• **Exercise details**:
Where the listing below reaches the line containing "locale psd_form = sym_bilinear +", start writing out lines exactly, and stop once the line containing "(simp add: field_simps)" has been written.

• **Extracted information**:
+-------+
(* Let $\Phi$ be any positive, trace-preserving linear map on the hermitian $2\times2$ matrices, written as $$\Phi\big(\tfrac12(x_0I+\vec x\cdot\vec\sigma)\big)=\tfrac12\big(x_0 I+(x_0\vec t+\Lambda\vec x)\cdot\vec\sigma\big)$$ for some real $3\times3$ matrix $\Lambda$ and some $\vec t\in\mathbb{R}^3$. For $w\in\mathbb{R}$ consider the quadratic form $$q^\Phi_w(\mathbf{x})=\Phi(\mathbf{x})\cdot\Phi(\mathbf{x})-w\,\mathbf{x}\cdot\mathbf{x}.$$ Its matrix is $$Q^\Phi_w=\begin{pmatrix}1-|\vec t|^2-w & -\vec t^{\,T}\Lambda\\ -(\vec t^{\,T}\Lambda)^T & w I_3-\Lambda^T\Lambda\end{pmatrix}.$$ Then there exists a unique $w_0\in\mathbb{R}$ with the following three properties: - $Q^\Phi_{w_0}$ is positive semidefinite; - $Q^\Phi_{w_0}$ is degenerate; - $\ker Q^\Phi_{w_0}$ contains a non-zero vector $\mathbf{n}$ with $\mathbf{n}\cdot\mathbf{n}\le 0$. For this $w_0$, the concurrence of $\Phi$ satisfies $C_\Phi(\rho)=\sqrt{q^\Phi_{w_0}(\mathbf{x})}$ for every state $\rho=\tfrac12(I+\vec x\cdot\vec\sigma)$, where $\mathbf{x}=(1,\vec x)$.
   Context: Hermitian $2\times2$ matrices are identified with Minkowski space $\mathbb{R}^{1,3}$ via $\mathbf{x}=(x_0,\vec x)\leftrightarrow\rho=\tfrac12(x_0I+\vec x\cdot\vec\sigma)$, where $\vec\sigma$ are the Pauli matrices. The Minkowski product is $\mathbf{x}\cdot\mathbf{y}=x_0y_0-\vec x\cdot\vec y$, so that $4\det\rho=\mathbf{x}\cdot\mathbf{x}$. We write $\Phi(\mathbf{x})$ for the vector corresponding to $\Phi(\rho)$. For a positive trace-preserving map $\Phi$ into $2\times 2$ matrices, the concurrence is defined as follows. For a pure state $\pi$, $C_\Phi(\pi)=2\sqrt{\det\Phi(\pi)}$. For a general state, $$C_\Phi(\rho)=\min\sum_j p_j C_\Phi(\pi_j),$$ where the minimum is over all decompositions $\rho=\sum_j p_j\pi_j$ into pure states with $p_j>0$ and $\sum p_j=1$. *)

theory Defs
  imports "HOL-Analysis.Analysis"
begin

type_synonym mvec = "real \<times> (real^3)"

definition mink :: "mvec \<Rightarrow> mvec \<Rightarrow> real" where
  "mink x y = fst x * fst y - snd x \<bullet> snd y"

definition PhiM :: "real^3^3 \<Rightarrow> real^3 \<Rightarrow> mvec \<Rightarrow> mvec" where
  "PhiM Lam t x = (fst x, fst x *\<^sub>R t + Lam *v snd x)"

definition sigma1 :: "complex^2^2" where
  "sigma1 = (\<chi> i j. if i = j then 0 else 1)"

definition sigma2 :: "complex^2^2" where
  "sigma2 = (\<chi> i j. if i = j then 0 else if i = 1 then - \<i> else \<i>)"

definition sigma3 :: "complex^2^2" where
  "sigma3 = (\<chi> i j. if i \<noteq> j then 0 else if i = 1 then 1 else -1)"

definition hmat :: "mvec \<Rightarrow> complex^2^2" where
  "hmat x = (1/2) *\<^sub>R (fst x *\<^sub>R mat 1 + (snd x $ 1) *\<^sub>R sigma1
                + (snd x $ 2) *\<^sub>R sigma2 + (snd x $ 3) *\<^sub>R sigma3)"

text \<open>Positivity of Phi: it maps positive semidefinite matrices (forward light cone
  x0 \<ge> |xv|) to positive semidefinite matrices.\<close>

definition positive_map :: "real^3^3 \<Rightarrow> real^3 \<Rightarrow> bool" where
  "positive_map Lam t \<longleftrightarrow>
     (\<forall>x0 xv. norm xv \<le> x0 \<longrightarrow> norm (snd (PhiM Lam t (x0, xv))) \<le> fst (PhiM Lam t (x0, xv)))"

definition qform :: "real^3^3 \<Rightarrow> real^3 \<Rightarrow> real \<Rightarrow> mvec \<Rightarrow> real" where
  "qform Lam t w x = mink (PhiM Lam t x) (PhiM Lam t x) - w * mink x x"

definition Qmat :: "real^3^3 \<Rightarrow> real^3 \<Rightarrow> real \<Rightarrow> mvec \<Rightarrow> mvec" where
  "Qmat Lam t w n =
     (let b = - (t v* Lam) in
      ((1 - (norm t)\<^sup>2 - w) * fst n + b \<bullet> snd n,
       fst n *\<^sub>R b + (w *\<^sub>R (mat 1 :: real^3^3) - transpose Lam ** Lam) *v snd n))"

definition eucl :: "mvec \<Rightarrow> mvec \<Rightarrow> real" where
  "eucl x y = fst x * fst y + snd x \<bullet> snd y"

definition Q_psd :: "real^3^3 \<Rightarrow> real^3 \<Rightarrow> real \<Rightarrow> bool" where
  "Q_psd Lam t w \<longleftrightarrow> (\<forall>x. eucl x (Qmat Lam t w x) \<ge> 0)"

definition Q_ker :: "real^3^3 \<Rightarrow> real^3 \<Rightarrow> real \<Rightarrow> mvec set" where
  "Q_ker Lam t w = {n. Qmat Lam t w n = 0}"

definition Q_degenerate :: "real^3^3 \<Rightarrow> real^3 \<Rightarrow> real \<Rightarrow> bool" where
  "Q_degenerate Lam t w \<longleftrightarrow> Q_ker Lam t w \<noteq> {0}"

definition conc_pure :: "real^3^3 \<Rightarrow> real^3 \<Rightarrow> real^3 \<Rightarrow> real" where
  "conc_pure Lam t y = 2 * sqrt (Re (det (hmat (PhiM Lam t (1, y)))))"

definition decomp_values :: "real^3^3 \<Rightarrow> real^3 \<Rightarrow> real^3 \<Rightarrow> real set" where
  "decomp_values Lam t xv =
     {(\<Sum>j\<in>J. p j * conc_pure Lam t (y j)) | J p y.
        finite (J :: nat set) \<and> J \<noteq> {} \<and> (\<forall>j\<in>J. p j > 0 \<and> norm (y j) = 1) \<and>
        sum p J = 1 \<and> (\<Sum>j\<in>J. p j *\<^sub>R y j) = xv}"

end

theory Submission
  imports Defs
begin

(*
  Write q_w(x) = B_w(x,x) for the symmetric bilinear form
  B_w(x,y) = Phi(x).Phi(y) - w x.y.  Since Q_w is the Gram matrix of B_w, "Q_w is
  positive semidefinite" means B_w >= 0 and ker Q_w is the radical of B_w; call w
  critical when B_w >= 0 and its radical contains a non-zero non-timelike vector.

  1. Symmetric bilinear forms on a real vector space (a locale): for semidefinite
     ones Cauchy-Schwarz holds, so sqrt q is a seminorm and isotropic vectors lie in
     the radical.  Then the Minkowski product, B_w and the translation from Q_w.
  2. Existence: positivity of Phi gives q_0 >= 0 on the light cone, which forces
     every ratio q_0(y)/y.y on spacelike y below every such ratio on timelike
     vectors.  For L the supremum of the spacelike ratios q_L is semidefinite, and
     minimising q_L over the compact set of non-timelike unit vectors yields a
     non-timelike isotropic vector, hence a radical one: L is critical.
  3. Uniqueness: a semidefinite value is never below a critical value.
  4. Concurrence at a critical value w: pure states have concurrence sqrt q_w, so
     the triangle inequality bounds every decomposition from below by sqrt q_w;
     conversely moving a mixed state along the radical vector (which leaves q_w
     unchanged) reaches the light cone and splits it into two pure states
     attaining the bound.
*)

lemma opposite_sign_roots:
  fixes a b c :: real
  assumes ac: "a * c < 0"
  obtains r1 r2 where "r1 < 0" "0 < r2"
    "a * r1\<^sup>2 + 2 * b * r1 + c = 0" "a * r2\<^sup>2 + 2 * b * r2 + c = 0"
proof -
  define s where "s = sqrt (b\<^sup>2 - a * c)"
  have a0: "a \<noteq> 0" using ac by auto
  have "0 < b\<^sup>2 - a * c" using ac zero_le_power2[of b] by linarith
  then have s2: "s\<^sup>2 = b\<^sup>2 - a * c" by (simp add: s_def)
  have "sqrt (b\<^sup>2) < s" unfolding s_def using ac by (intro real_sqrt_less_mono) simp
  then have bs: "\<bar>b\<bar> < s" by simp
  have root: "a * r\<^sup>2 + 2 * b * r + c = 0" if "a * r + b = s \<or> a * r + b = - s" for r
  proof -
    have "a * (a * r\<^sup>2 + 2 * b * r + c) = (a * r + b)\<^sup>2 - s\<^sup>2"
      using s2 by (simp add: power2_eq_square algebra_simps)
    also have "\<dots> = 0" using that by auto
    finally show ?thesis using a0 by simp
  qed
  define rp rm where "rp = (s - b) / a" and "rm = (- s - b) / a"
  have "a * rp + b = s" "a * rm + b = - s" using a0 by (simp_all add: rp_def rm_def)
  then have roots: "a * rp\<^sup>2 + 2 * b * rp + c = 0" "a * rm\<^sup>2 + 2 * b * rm + c = 0"
    using root by auto
  have "0 < s - b" "- s - b < 0" using bs by linarith+
  then have "rm < 0 \<and> 0 < rp \<or> rp < 0 \<and> 0 < rm"
    using a0 by (cases "0 < a") (auto simp: rp_def rm_def divide_pos_pos divide_neg_pos
        divide_pos_neg divide_neg_neg)
  then show thesis using roots that by blast
qed

locale sym_bilinear =
  fixes B :: "'a::real_vector \<Rightarrow> 'a \<Rightarrow> real"
  assumes sym: "B x y = B y x"
    and add_left: "B (x + y) z = B x z + B y z"
    and scale_left: "B (c *\<^sub>R x) z = c * B x z"
begin

lemma add_right: "B z (x + y) = B z x + B z y"
  by (metis sym add_left)

lemma scale_right: "B z (c *\<^sub>R x) = c * B z x"
  by (metis sym scale_left)

lemma scale_both: "B (c *\<^sub>R x) (c *\<^sub>R x) = c\<^sup>2 * B x x"
  by (simp add: scale_left scale_right power2_eq_square)

lemma expand: "B (a *\<^sub>R x + y) (a *\<^sub>R x + y) = a\<^sup>2 * B x x + 2 * a * B x y + B y y"
  by (simp add: add_left add_right scale_left scale_right sym[of y x] power2_eq_square
      algebra_simps)

lemma sqrt_scale: "0 \<le> c \<Longrightarrow> sqrt (B (c *\<^sub>R x) (c *\<^sub>R x)) = c * sqrt (B x x)"
  by (simp add: scale_both real_sqrt_mult)

lemma isotropic_combinations:
  assumes "B x x * B y y < 0"
  obtains r1 r2 where "r1 < 0" "0 < r2"
    "B (r1 *\<^sub>R x + y) (r1 *\<^sub>R x + y) = 0" "B (r2 *\<^sub>R x + y) (r2 *\<^sub>R x + y) = 0"
proof -
  obtain r1 r2 where r: "r1 < 0" "0 < r2" "B x x * r1\<^sup>2 + 2 * B x y * r1 + B y y = 0"
    "B x x * r2\<^sup>2 + 2 * B x y * r2 + B y y = 0"
    using opposite_sign_roots[OF assms] by blast
  have "B (r *\<^sub>R x + y) (r *\<^sub>R x + y) = B x x * r\<^sup>2 + 2 * B x y * r + B y y" for r
    unfolding expand by (simp add: mult.commute mult.left_commute)
  then show thesis using that r by presburger
qed

end

locale psd_form = sym_bilinear +
  assumes nonneg: "0 \<le> B x x"
begin

lemma cauchy_schwarz: "\<bar>B x y\<bar> \<le> sqrt (B x x) * sqrt (B y y)"
proof -
  define a b c where "a = B x x" and "b = B x y" and "c = B y y"
  have quad: "0 \<le> a * s\<^sup>2 + 2 * s * b + c" for s
    using nonneg[of "s *\<^sub>R x + y"] expand[of s x y] by (simp add: a_def b_def c_def mult.commute)
  have "b\<^sup>2 \<le> a * c"
  proof (cases "a = 0")
    case True
    have "b = 0"
    proof (rule ccontr)
      assume "b \<noteq> 0"
      then have "2 * (- (c + 1) / (2 * b)) * b + c = -1" by (simp add: field_simps)
      then show False using quad[of "- (c + 1) / (2 * b)"] True by simp
    qed
    then show ?thesis using True by simp
  next
    case False
    then have ap: "0 < a" using nonneg[of x] by (simp add: a_def)
    have "a * (- b / a)\<^sup>2 + 2 * (- b / a) * b + c = c - b\<^sup>2 / a"
      using ap by (simp add: power2_eq_square field_simps)
    then have "b\<^sup>2 / a \<le> c" using quad[of "- b / a"] by simp
    then show ?thesis using ap by (simp add: divide_le_eq mult.commute)
  qed
  then have "sqrt (b\<^sup>2) \<le> sqrt (a * c)" by (rule real_sqrt_le_mono)
  then show ?thesis by (simp add: real_sqrt_mult a_def b_def c_def)
qed

lemma isotropic_radical: "B n n = 0 \<Longrightarrow> B n y = 0"
  using cauchy_schwarz[of n y] by simp

lemma triangle: "sqrt (B (x + y) (x + y)) \<le> sqrt (B x x) + sqrt (B y y)"
proof -
  have "B (x + y) (x + y) = B x x + 2 * B x y + B y y"
    using expand[of 1 x y] by simp
  also have "\<dots> \<le> B x x + 2 * (sqrt (B x x) * sqrt (B y y)) + B y y"
    using cauchy_schwarz[of x y] by simp
  also have "\<dots> = (sqrt (B x x) + sqrt (B y y))\<^sup>2"
    using nonneg[of x] nonneg[of y] by (simp add: power2_eq_square algebra_simps)
  finally show ?thesis
    using nonneg[of x] nonneg[of y] real_sqrt_le_mono by fastforce
qed

lemma triangle_sum:
  "finite J \<Longrightarrow> sqrt (B (\<Sum>j\<in>J. v j) (\<Sum>j\<in>J. v j)) \<le> (\<Sum>j\<in>J. sqrt (B (v j) (v j)))"
proof (induction J rule: finite_induct)
  case empty
  then show ?case using scale_both[of 0 0] by simp
next
  case (insert j J)
  then show ?case
    using triangle[of "v j" "\<Sum>i\<in>J. v i"] by simp
qed

end

interpretation mink: sym_bilinear mink
  by unfold_locales (simp_all add: mink_def inner_commute inner_add_left algebra_simps)

lemma mink_self: "mink x x = (fst x)\<^sup>2 - (norm (snd x))\<^sup>2"
  by (simp add: mink_def power2_eq_square dot_square_norm)

lemma eucl_self_zero: "eucl z z = 0 \<Longrightarrow> z = 0"
  by (simp add: eucl_def prod_eq_iff add_nonneg_eq_0_iff)

lemma mink_nondegenerate: "(\<And>y. mink n y = 0) \<Longrightarrow> n = 0"
proof -
  assume "\<And>y. mink n y = 0"
  then have "mink n (fst n, - snd n) = 0" .
  then have "eucl n n = 0" by (simp add: mink_def eucl_def)
  then show "n = 0" by (rule eucl_self_zero)
qed

lemma null_space_norm: "mink u u = 0 \<Longrightarrow> norm (snd u) = \<bar>fst u\<bar>"
  using power2_eq_iff_nonneg[of "norm (snd u)" "\<bar>fst u\<bar>"] by (simp add: mink_self)

lemma null_future_of_pairing:
  assumes nx: "norm xv \<le> 1" and null: "mink u u = 0" and pair: "0 < mink (1, xv) u"
  shows "0 < fst u"
proof (rule ccontr)
  assume "\<not> 0 < fst u"
  then have ns: "norm (snd u) = - fst u" using null_space_norm[OF null] by simp
  have "\<bar>xv \<bullet> snd u\<bar> \<le> norm xv * norm (snd u)" by (rule Cauchy_Schwarz_ineq2)
  also have "\<dots> \<le> norm (snd u)" using nx by (simp add: mult_left_le_one_le)
  finally have "fst u \<le> xv \<bullet> snd u" using ns by (simp add: abs_le_iff)
  then have "mink (1, xv) u \<le> 0" by (simp add: mink_def)
  then show False using pair by simp
qed

lemma null_not_orthogonal:
  assumes nx: "norm xv < 1" and null: "mink u u = 0" and u0: "u \<noteq> 0"
  shows "mink (1, xv) u \<noteq> 0"
proof
  assume orth: "mink (1, xv) u = 0"
  have ns: "norm (snd u) = \<bar>fst u\<bar>" by (rule null_space_norm[OF null])
  then have "snd u \<noteq> 0" using u0 by (auto simp: prod_eq_iff)
  have "\<bar>xv \<bullet> snd u\<bar> \<le> norm xv * norm (snd u)" by (rule Cauchy_Schwarz_ineq2)
  also have "\<dots> < norm (snd u)"
    using nx \<open>snd u \<noteq> 0\<close> mult_strict_right_mono[of "norm xv" 1 "norm (snd u)"] by simp
  finally have "\<bar>xv \<bullet> snd u\<bar> < norm (snd u)" .
  moreover have "fst u = xv \<bullet> snd u" using orth by (simp add: mink_def)
  ultimately show False using ns by simp
qed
+-------+
• **Solved exercise**:
locale psd_form = sym_bilinear +
  assumes nonneg: "0 \<le> B x x"
begin

lemma cauchy_schwarz: "\<bar>B x y\<bar> \<le> sqrt (B x x) * sqrt (B y y)"
proof -
  define a b c where "a = B x x" and "b = B x y" and "c = B y y"
  have quad: "0 \<le> a * s\<^sup>2 + 2 * s * b + c" for s
    using nonneg[of "s *\<^sub>R x + y"] expand[of s x y] by (simp add: a_def b_def c_def mult.commute)
  have "b\<^sup>2 \<le> a * c"
  proof (cases "a = 0")
    case True
    have "b = 0"
    proof (rule ccontr)
      assume "b \<noteq> 0"
      then have "2 * (- (c + 1) / (2 * b)) * b + c = -1" by (simp add: field_simps)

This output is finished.